§ TASK BRIEF: Which lines in the data contain the word "auto"? Please copy each of them.
___ RECORD EXTRACTS ___
lemma clarke_dd_pos_homogeneous:
  assumes h: "lipschitz_cont Iz L h" and s: "\<forall>i\<in>Iz. s$i = 0" and "c > 0"
  shows "clarke_dd_real Iz h x (c *\<^sub>R s) \<le> c * clarke_dd_real Iz h x s"
proof (rule field_le_epsilon)
  fix e :: real assume "e > 0"
  have "eventually (\<lambda>z. diff_quot h s (fst z, c * snd z) < clarke_dd_real Iz h x s + e / c) (clarke_filter Iz x)"
    using eventually_clarke_filter_scale[OF \<open>c > 0\<close> eventually_diff_quot_less[OF h s]] \<open>e > 0\<close> \<open>c > 0\<close>
    by simp
  then have "eventually (\<lambda>z. diff_quot h (c *\<^sub>R s) z \<le> c * clarke_dd_real Iz h x s + e) (clarke_filter Iz x)"
    using eventually_clarke_filter_pos
  proof eventually_elim
    case (elim z)
    have "diff_quot h (c *\<^sub>R s) z = c * diff_quot h s (fst z, c * snd z)"
      using \<open>snd z > 0\<close> \<open>c > 0\<close> by (simp add: diff_quot_def mult.commute)
    also have "\<dots> \<le> c * (clarke_dd_real Iz h x s + e / c)"
      using elim \<open>c > 0\<close> by (intro mult_left_mono) auto
    also have "\<dots> = c * clarke_dd_real Iz h x s + e" using \<open>c > 0\<close> by (simp add: distrib_left)
    finally show ?case .
  qed
  then have "clarke_dd Iz h x (c *\<^sub>R s) \<le> ereal (c * clarke_dd_real Iz h x s + e)"
    by (rule clarke_dd_le_if_eventually)
  then show "clarke_dd_real Iz h x (c *\<^sub>R s) \<le> c * clarke_dd_real Iz h x s + e"
    using clarke_dd_le_ereal_iff(1)[OF h, of "c *\<^sub>R s"] s by simp
qed

section \<open>Clarke subdifferentials\<close>

definition zero_on :: "'n set \<Rightarrow> real^'n \<Rightarrow> real^'n" where
  "zero_on Iz t = (\<chi> i. if i \<in> Iz then 0 else t$i)"

lemma zero_on_components: "\<forall>i\<in>Iz. zero_on Iz t $ i = 0"
  and zero_on_add: "zero_on Iz (a + b) = zero_on Iz a + zero_on Iz b"
  and zero_on_scaleR: "zero_on Iz (c *\<^sub>R a) = c *\<^sub>R zero_on Iz a"
  and zero_on_axis: "j \<in> Iz \<Longrightarrow> zero_on Iz (axis j c) = 0"
  and zero_on_id: "\<forall>i\<in>Iz. s$i = 0 \<Longrightarrow> zero_on Iz s = s"
  by (auto simp: zero_on_def vec_eq_iff axis_def)

text \<open>Hahn--Banach is applied to \<open>t \<mapsto> h\<degree>(x; t)\<close> after killing the integer components of \<open>t\<close>,
  which makes it sublinear on the whole space and forces the support vector to vanish on \<open>Iz\<close>.\<close>
lemma clarke_sub_supporting:
  assumes h: "lipschitz_cont Iz L h" and s: "\<forall>i\<in>Iz. s$i = 0"
  shows "\<exists>v\<in>clarke_sub Iz h x. inner s v = clarke_dd_real Iz h x s"
proof -
  define p where "p t = clarke_dd_real Iz h x (zero_on Iz t)" for t
  have "sublinear p"
    unfolding sublinear_def p_def zero_on_add zero_on_scaleR
    using clarke_dd_subadditive[OF h zero_on_components zero_on_components]
      clarke_dd_pos_homogeneous[OF h zero_on_components] by blast
  then obtain v where v_le: "\<And>t. inner v t \<le> p t" and v_eq: "inner v s = p s"
    using sublinear_supporting_inner[where s = s] by blast
  have "\<forall>i\<in>Iz. v$i = 0"
  proof
    fix j assume "j \<in> Iz"
    then have "p (axis j c) = 0" for c by (simp add: p_def zero_on_axis clarke_dd_zero)
    then show "v$j = 0" using v_le[of "axis j 1"] v_le[of "axis j (-1)"] by (simp add: inner_axis)
  qed
  moreover have "inner s' v \<le> clarke_dd_real Iz h x s'" if "\<forall>i\<in>Iz. s'$i = 0" for s'
    using v_le[of s'] by (simp add: p_def zero_on_id[OF that] inner_commute)
  ultimately have "v \<in> clarke_sub Iz h x"
    unfolding clarke_sub_def using clarke_dd_le_ereal_iff(2)[OF h] by simp
  moreover have "inner s v = clarke_dd_real Iz h x s"
    using v_eq by (simp add: p_def zero_on_id[OF s] inner_commute)
  ultimately show ?thesis by blast
qed

lemma clarke_sub_eq:
  assumes "lipschitz_cont Iz L h"
  shows "clarke_sub Iz h x =
    {v. (\<forall>i\<in>Iz. v$i = 0) \<and> (\<forall>s. (\<forall>i\<in>Iz. s$i = 0) \<longrightarrow> inner s v \<le> clarke_dd_real Iz h x s)}"
  unfolding clarke_sub_def using clarke_dd_le_ereal_iff(2)[OF assms] by (auto simp: inner_commute)

lemma clarke_sub_nonempty: "lipschitz_cont Iz L h \<Longrightarrow> clarke_sub Iz h x \<noteq> {}"
  using clarke_sub_supporting[of Iz L h 0] by auto

lemma clarke_sub_eq_Inter:
  assumes "lipschitz_cont Iz L h"
  shows "clarke_sub Iz h x = (\<Inter>i\<in>Iz. {v. inner (axis i 1) v = 0}) \<inter>
    (\<Inter>s\<in>{s. \<forall>i\<in>Iz. s$i = 0}. {v. inner s v \<le> clarke_dd_real Iz h x s})"
  unfolding clarke_sub_eq[OF assms] by (auto simp: inner_axis')

lemma convex_clarke_sub: "lipschitz_cont Iz L h \<Longrightarrow> convex (clarke_sub Iz h x)"
  unfolding clarke_sub_eq_Inter by (intro convex_Int convex_INT convex_hyperplane convex_halfspace_le)

lemma compact_clarke_sub:
  assumes h: "lipschitz_cont Iz L h"
  shows "compact (clarke_sub Iz h x)"
proof -
  have "closed (clarke_sub Iz h x)" unfolding clarke_sub_eq_Inter[OF h]
    by (intro closed_Int closed_INT ballI closed_hyperplane closed_halfspace_le)
  moreover have "norm v \<le> \<bar>L\<bar>" if "v \<in> clarke_sub Iz h x" for v
  proof -
    have "\<forall>i\<in>Iz. v$i = 0" "inner v v \<le> clarke_dd_real Iz h x v"
      using that unfolding clarke_sub_eq[OF h] by auto
    moreover have "clarke_dd_real Iz h x v \<le> L * norm v"
      using abs_le_D1[OF clarke_dd_finite(2)[OF h]] \<open>\<forall>i\<in>Iz. v$i = 0\<close> .
    moreover have "L * norm v \<le> \<bar>L\<bar> * norm v" by (simp add: mult_right_mono)
    ultimately have "norm v * norm v \<le> \<bar>L\<bar> * norm v"
      by (simp add: power2_norm_eq_inner[symmetric] power2_eq_square)
    then show ?thesis by (cases "norm v = 0") (auto simp: mult_le_cancel_right)
  qed
  then have "bounded (clarke_sub Iz h x)" unfolding bounded_iff by blast
  ultimately show ?thesis by (simp add: compact_eq_bounded_closed)
qed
___
§ SOLVED PROBLEM:
      using elim \<open>c > 0\<close> by (intro mult_left_mono) auto
  by (auto simp: zero_on_def vec_eq_iff axis_def)
  unfolding clarke_sub_def using clarke_dd_le_ereal_iff(2)[OF assms] by (auto simp: inner_commute)
  using clarke_sub_supporting[of Iz L h 0] by auto
  unfolding clarke_sub_eq[OF assms] by (auto simp: inner_axis')
      using that unfolding clarke_sub_eq[OF h] by auto
    then show ?thesis by (cases "norm v = 0") (auto simp: mult_le_cancel_right)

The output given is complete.